Reviewed by GREG KING
Director: John R Leonetti
Stars: Annabelle Wallis, Ward Horton, Alfre Woodward, Tony Amendola, Brian Howe.
The Conjuring was a horror film that had an old fashioned look and feel about it, reminiscent of 70s supernatural flicks like The Amityville Horror, which was more about creating an uneasy atmosphere rather than giving us lots of gore and buckets of blood. And that brand of subtle old school horror works effectively here in Annabelle. The creepy looking, sinister and possessed doll played a small role in The Conjuring, but was deserving of its own spinoff film. And here it is!
Annabelle serves as a sort of prequel to The Conjuring, giving us a look at the early days of the doll and another family that was terrorised by its creepy presence. But this competent thriller is not another Magic, in which Anthony Hopkins’ alcoholic ventriloquist was seemingly possessed by his dummy, or even another Chucky or Child’s Play. Australian filmmaker James Wan, who directed the first couple of films in the Saw franchise and The Conjuring, is attached to this film merely as a producer, but his influence can be found all over the stylish look and feel.
Mia Gordon (Annabelle Wallis) and her devoted doctor husband John (Ward Horton) are a happily married young couple who live in the suburbs of Los Angeles. Mia is pregnant with their first child. John gives her a rare raggedy doll as a present to add to her extensive collection. Soon after that their lives are turned upside down. Their neighbours are brutally murdered by refugees from a cult, and Mia herself is attacked during a violent home invasion. And her attacker kills herself, with her blood dripping into the doll Annabelle.
The couple move into a spacious apartment in downtown Pasadena, where Mia can raise their baby in relative peace and calm. But spooky happenings seem to have followed them. Furniture moves, doors slam, there is something sinister in the bowels of the apartment block. Could Annabelle the doll somehow be responsible?
Director John R Leonetti (The Butterfly Effect 2, etc) worked as a cinematographer on Insidious and The Conjuring, so he knows this territory well. He deliberately taps into that 60s and 70s vibe with the look of the film, which has been shot in muted colours, and has a slow burn quality. Setting the film in the aftermath of the Manson Family’s murderous spree also suffuses the material with a sense of paranoia and uncertainty. Suburbia had lost its innocence and was no longer a safe place for young families, with evil lurking in unexpected places. Annabelle also effectively taps into those natural fears and anxieties experienced by many pregnant women.

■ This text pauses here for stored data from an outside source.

lemma smooth_Imax_le_log_threshold:
  fixes M :: "'z measure" and \<omega> :: "'v \<Rightarrow> 'z \<Rightarrow> real"
  assumes "finite V" "V \<noteq> {}" "c > 0"
    and [measurable]: "\<And>v. v \<in> V \<Longrightarrow> \<omega> v \<in> borel_measurable M" "q \<in> borel_measurable M"
    and "\<And>z. q z \<ge> 0" "(\<integral>\<^sup>+z. ennreal (q z) \<partial>M) \<le> 1"
    and mass: "\<And>v. v \<in> V \<Longrightarrow>
      ennreal (1 - \<epsilon>) \<le> (\<integral>\<^sup>+z. indicator {z \<in> space M. \<omega> v z \<le> c * q z} z * ennreal (\<omega> v z) \<partial>M)"
  shows "smooth_Imax M V \<omega> \<epsilon> \<le> ereal (log 2 c)"
proof -
  define T where "T = {p \<in> space (count_space V \<Otimes>\<^sub>M M). \<omega> (fst p) (snd p) \<le> c * q (snd p)}"
  have [measurable]: "(\<lambda>p. \<omega> (fst p) (snd p)) \<in> borel_measurable (count_space V \<Otimes>\<^sub>M M)"
    by (rule measurable_pair_measure_countable1) (use \<open>finite V\<close> in \<open>auto simp: countable_finite\<close>)
  have "T \<in> sets (count_space V \<Otimes>\<^sub>M M)"
    unfolding T_def by measurable
  moreover have T_section: "{z. (v, z) \<in> T} = {z \<in> space M. \<omega> v z \<le> c * q z}" if "v \<in> V" for v
    using that by (auto simp: T_def space_pair_measure)
  ultimately have "smooth_Imax M V \<omega> \<epsilon> \<le> Imax M V (restr_dens T \<omega>)"
    unfolding smooth_Imax_def using mass by (intro INF_lower) auto
  also have "\<dots> \<le> ereal (log 2 c)"
    using assms(1-3,5-7) T_section by (intro Imax_le_log_if_dominated) (auto simp: restr_dens_def)
  finally show ?thesis .
qed

lemma ennreal_one_minus_le:
  fixes a :: ennreal
  assumes "1 \<le> a + ennreal \<epsilon>" "0 \<le> \<epsilon>"
  shows "ennreal (1 - \<epsilon>) \<le> a"
proof (cases "\<epsilon> \<le> 1")
  case True
  then have "ennreal \<epsilon> + ennreal (1 - \<epsilon>) \<le> ennreal \<epsilon> + a"
    using assms by (simp add: add.commute flip: ennreal_plus)
  then show ?thesis by (simp add: ennreal_add_left_cancel_le)
qed (simp add: ennreal_neg)

lemma nn_integral_below_threshold_ge:
  fixes \<omega> q :: "'z \<Rightarrow> real"
  assumes [measurable]: "\<omega> \<in> borel_measurable M" "q \<in> borel_measurable M"
    and \<omega>_nonneg: "\<And>z. \<omega> z \<ge> 0" and q_pos: "\<And>z. q z > 0" and "c > 0" "\<theta> \<ge> 0"
    and "(\<integral>\<^sup>+z. ennreal (\<omega> z) \<partial>M) = 1" "0 \<le> \<epsilon>"
    and tail: "ennreal (c powr - \<theta>) * (\<integral>\<^sup>+z. ennreal (\<omega> z * (\<omega> z / q z) powr \<theta>) \<partial>M) \<le> ennreal \<epsilon>"
  shows "ennreal (1 - \<epsilon>) \<le> (\<integral>\<^sup>+z. indicator {z \<in> space M. \<omega> z \<le> c * q z} z * ennreal (\<omega> z) \<partial>M)"
proof (rule ennreal_one_minus_le[OF _ \<open>0 \<le> \<epsilon>\<close>])
  have pointwise: "ennreal (\<omega> z) \<le> indicator {z \<in> space M. \<omega> z \<le> c * q z} z * ennreal (\<omega> z)
      + ennreal (c powr - \<theta>) * ennreal (\<omega> z * (\<omega> z / q z) powr \<theta>)" if "z \<in> space M" for z
  proof (cases "\<omega> z \<le> c * q z")
    case False
    then have "c \<le> \<omega> z / q z"
      using q_pos[of z] by (simp add: field_simps)
    then have "c powr \<theta> \<le> (\<omega> z / q z) powr \<theta>"
      using \<open>c > 0\<close> \<open>\<theta> \<ge> 0\<close> by (intro powr_mono2) auto
    then have "1 \<le> c powr - \<theta> * (\<omega> z / q z) powr \<theta>"
      using \<open>c > 0\<close> by (simp add: powr_minus field_simps)
    from mult_left_mono[OF this \<omega>_nonneg[of z]]
    have "\<omega> z \<le> c powr - \<theta> * (\<omega> z * (\<omega> z / q z) powr \<theta>)"
      by (simp add: algebra_simps)
    then show ?thesis
      using False \<omega>_nonneg[of z] by (simp add: ennreal_leI flip: ennreal_mult)
  qed (use that in simp)
  have "1 = (\<integral>\<^sup>+z. ennreal (\<omega> z) \<partial>M)"
    using assms(7) by simp
  also have "\<dots> \<le> (\<integral>\<^sup>+z. indicator {z \<in> space M. \<omega> z \<le> c * q z} z * ennreal (\<omega> z)
      + ennreal (c powr - \<theta>) * ennreal (\<omega> z * (\<omega> z / q z) powr \<theta>) \<partial>M)"
    by (intro nn_integral_mono pointwise)
  also have "\<dots> = (\<integral>\<^sup>+z. indicator {z \<in> space M. \<omega> z \<le> c * q z} z * ennreal (\<omega> z) \<partial>M)
      + ennreal (c powr - \<theta>) * (\<integral>\<^sup>+z. ennreal (\<omega> z * (\<omega> z / q z) powr \<theta>) \<partial>M)"
    by (simp add: nn_integral_add nn_integral_cmult)
  also have "\<dots> \<le> (\<integral>\<^sup>+z. indicator {z \<in> space M. \<omega> z \<le> c * q z} z * ennreal (\<omega> z) \<partial>M) + ennreal \<epsilon>"
    using tail by (rule add_left_mono)
  finally show "1 \<le> \<dots>" .
qed

lemma normal_density_sqrt:
  "\<sigma> > 0 \<Longrightarrow> normal_density \<mu> (sqrt \<sigma>) z = exp (- ((z - \<mu>)\<^sup>2 / (2 * \<sigma>))) / sqrt (2 * pi * \<sigma>)"
  by (simp add: normal_density_def)

lemma nn_integral_normal_density: "\<sigma> > 0 \<Longrightarrow> (\<integral>\<^sup>+z. ennreal (normal_density \<mu> \<sigma> z) \<partial>lborel) = 1"
  by (simp add: nn_integral_eq_integral[OF integrable_normal_density])

lemma normal_density_tilted:
  fixes \<sigma> s \<theta> x z D :: real
  assumes "\<sigma> > 0" "\<sigma> \<le> s" "\<theta> \<ge> 0" and D: "D = (1 + \<theta>) * s - \<theta> * \<sigma>"
  shows "normal_density x (sqrt \<sigma>) z * (normal_density x (sqrt \<sigma>) z / normal_density 0 (sqrt s) z) powr \<theta>
    = (s / \<sigma>) powr (\<theta> / 2) * sqrt (s / D) * exp (\<theta> * (1 + \<theta>) * x\<^sup>2 / (2 * D))
      * normal_density ((1 + \<theta>) * x * s / D) (sqrt (\<sigma> * s / D)) z"
proof -
  have "s > 0" "D > 0"
    using assms mult_left_mono[of \<sigma> s \<theta>] by (auto simp: algebra_simps)
  define Q where "Q = - ((z - x)\<^sup>2 / (2 * \<sigma>)) + z\<^sup>2 / (2 * s)"
  have "exp Q = exp (- ((z - x)\<^sup>2 / (2 * \<sigma>))) / exp (- (z\<^sup>2 / (2 * s)))"
    unfolding Q_def by (simp flip: exp_diff)
  then have ratio: "normal_density x (sqrt \<sigma>) z / normal_density 0 (sqrt s) z = sqrt (s / \<sigma>) * exp Q"
    using assms \<open>s > 0\<close> by (simp add: normal_density_sqrt real_sqrt_divide real_sqrt_mult field_simps)
  have powr_ratio: "(sqrt (s / \<sigma>) * exp Q) powr \<theta> = (s / \<sigma>) powr (\<theta> / 2) * exp (\<theta> * Q)"
    using assms \<open>s > 0\<close> by (simp add: powr_mult powr_half_sqrt[symmetric] powr_powr exp_powr_real)
  have square: "- ((z - x)\<^sup>2 / (2 * \<sigma>)) + \<theta> * Q
      = \<theta> * (1 + \<theta>) * x\<^sup>2 / (2 * D) + - ((z - (1 + \<theta>) * x * s / D)\<^sup>2 / (2 * (\<sigma> * s / D)))"
    using assms(1) \<open>s > 0\<close> \<open>D > 0\<close> unfolding Q_def
    by (simp add: field_simps power2_eq_square) (simp add: D algebra_simps)
  have normalization: "sqrt (s / D) / sqrt (2 * pi * (\<sigma> * s / D)) = 1 / sqrt (2 * pi * \<sigma>)"
    using assms \<open>s > 0\<close> \<open>D > 0\<close> by (simp add: real_sqrt_divide real_sqrt_mult field_simps)
  have "normal_density x (sqrt \<sigma>) z * (normal_density x (sqrt \<sigma>) z / normal_density 0 (sqrt s) z) powr \<theta>
      = (s / \<sigma>) powr (\<theta> / 2) * (1 / sqrt (2 * pi * \<sigma>)) * exp (- ((z - x)\<^sup>2 / (2 * \<sigma>)) + \<theta> * Q)"
    unfolding ratio powr_ratio exp_add using assms(1) by (simp add: normal_density_sqrt)
  also have "\<dots> = (s / \<sigma>) powr (\<theta> / 2) * (sqrt (s / D) / sqrt (2 * pi * (\<sigma> * s / D)))
      * exp (\<theta> * (1 + \<theta>) * x\<^sup>2 / (2 * D) + - ((z - (1 + \<theta>) * x * s / D)\<^sup>2 / (2 * (\<sigma> * s / D))))"
    unfolding square normalization ..
  also have "\<dots> = (s / \<sigma>) powr (\<theta> / 2) * sqrt (s / D) * exp (\<theta> * (1 + \<theta>) * x\<^sup>2 / (2 * D))
      * normal_density ((1 + \<theta>) * x * s / D) (sqrt (\<sigma> * s / D)) z"
    unfolding exp_add using assms(1) \<open>s > 0\<close> \<open>D > 0\<close> by (simp add: normal_density_sqrt)
  finally show ?thesis .
qed

lemma nn_integral_normal_density_tilted:
  fixes \<sigma> s \<theta> x D :: real
  assumes "\<sigma> > 0" "\<sigma> \<le> s" "\<theta> \<ge> 0" and D: "D = (1 + \<theta>) * s - \<theta> * \<sigma>"
  shows "(\<integral>\<^sup>+z. ennreal (normal_density x (sqrt \<sigma>) z
            * (normal_density x (sqrt \<sigma>) z / normal_density 0 (sqrt s) z) powr \<theta>) \<partial>lborel)
    = ennreal (exp ((\<theta> * ln (s / \<sigma>) + ln (s / D)) / 2 + \<theta> * (1 + \<theta>) * x\<^sup>2 / (2 * D)))"
proof -
  have "s > 0" "D > 0"
    using assms mult_left_mono[of \<sigma> s \<theta>] by (auto simp: algebra_simps)
  define C where "C = (s / \<sigma>) powr (\<theta> / 2) * sqrt (s / D) * exp (\<theta> * (1 + \<theta>) * x\<^sup>2 / (2 * D))"
  have C: "C = exp ((\<theta> * ln (s / \<sigma>) + ln (s / D)) / 2 + \<theta> * (1 + \<theta>) * x\<^sup>2 / (2 * D))"
    using assms(1) \<open>s > 0\<close> \<open>D > 0\<close> unfolding C_def
    by (simp add: powr_half_sqrt[symmetric] powr_def exp_add add_divide_distrib)
  moreover have "(\<integral>\<^sup>+z. ennreal (normal_density x (sqrt \<sigma>) z
            * (normal_density x (sqrt \<sigma>) z / normal_density 0 (sqrt s) z) powr \<theta>) \<partial>lborel)
      = (\<integral>\<^sup>+z. ennreal C * ennreal (normal_density ((1 + \<theta>) * x * s / D) (sqrt (\<sigma> * s / D)) z) \<partial>lborel)"
    unfolding normal_density_tilted[OF assms] C_def[symmetric] using C by (intro nn_integral_cong ennreal_mult) auto
  moreover have "\<dots> = ennreal C"
    using assms(1) \<open>s > 0\<close> \<open>D > 0\<close> by (simp add: nn_integral_cmult nn_integral_normal_density)
  ultimately show ?thesis by simp
qed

Nonetheless, Annabelle is still a little cliched in its structure, and Leonetti uses many familiar tricks to try and suffuse the material with an edge of suspense and unease. The way in which Leonetti shoots a rather brutal murder through a window, relying on shadows and light, is effectively jarring and almost reminiscent of Hitchcock. And the script from writer Gary Dauberman (Swamp Devil, etc) seems to reference a number of classic horror films of the era. There is one scene in which a character gets in his car and looks in his rear view mirror and you almost expect a murderer to leap up from the back seat. The film also uses a soundscape of things that go bump in the night and other unsettling noises to add to the atmosphere.
Unfortunately the central couple are a rather bland pair that makes it a little difficult to care about their fate. This is the first leading role for Wallis, who has worked extensively in television, but her performance as Mia is clunky and wooden, and we needed a stronger performance to really convey a sense of terror, fear and helplessness.
Leonetti and his production design team use the cavernous rooms and labyrinthine corridors of the Gordon’s sprawling apartment effectively, and these claustrophobic interiors recall the classic Repulsion and especially Rosemary’s Baby. The fact that the central heroine here is named Mia is no accident, and their surname could be a subtle reference to Ruth Gordon, who earned an Oscar for her work in that film.
And the presence of Alfre Woodard as a seemingly well meaning neighbour and local book shop proprietor also adds a further element of unease to the material as we are never sure if she can be trusted. After all, we have seen lots of sinister nurses and creepy nannies in horror flicks like The Omen, etc, to be instantly suspicious of such characters and their motives. Tony Amendola’s neighbourhood priest Father Perez is also another character whose presence seems enigmatic and uncomfortable.
Annabelle is a spooky horror thriller that will appeal to those who prefer their horror dished up in more subtle and old school fashion.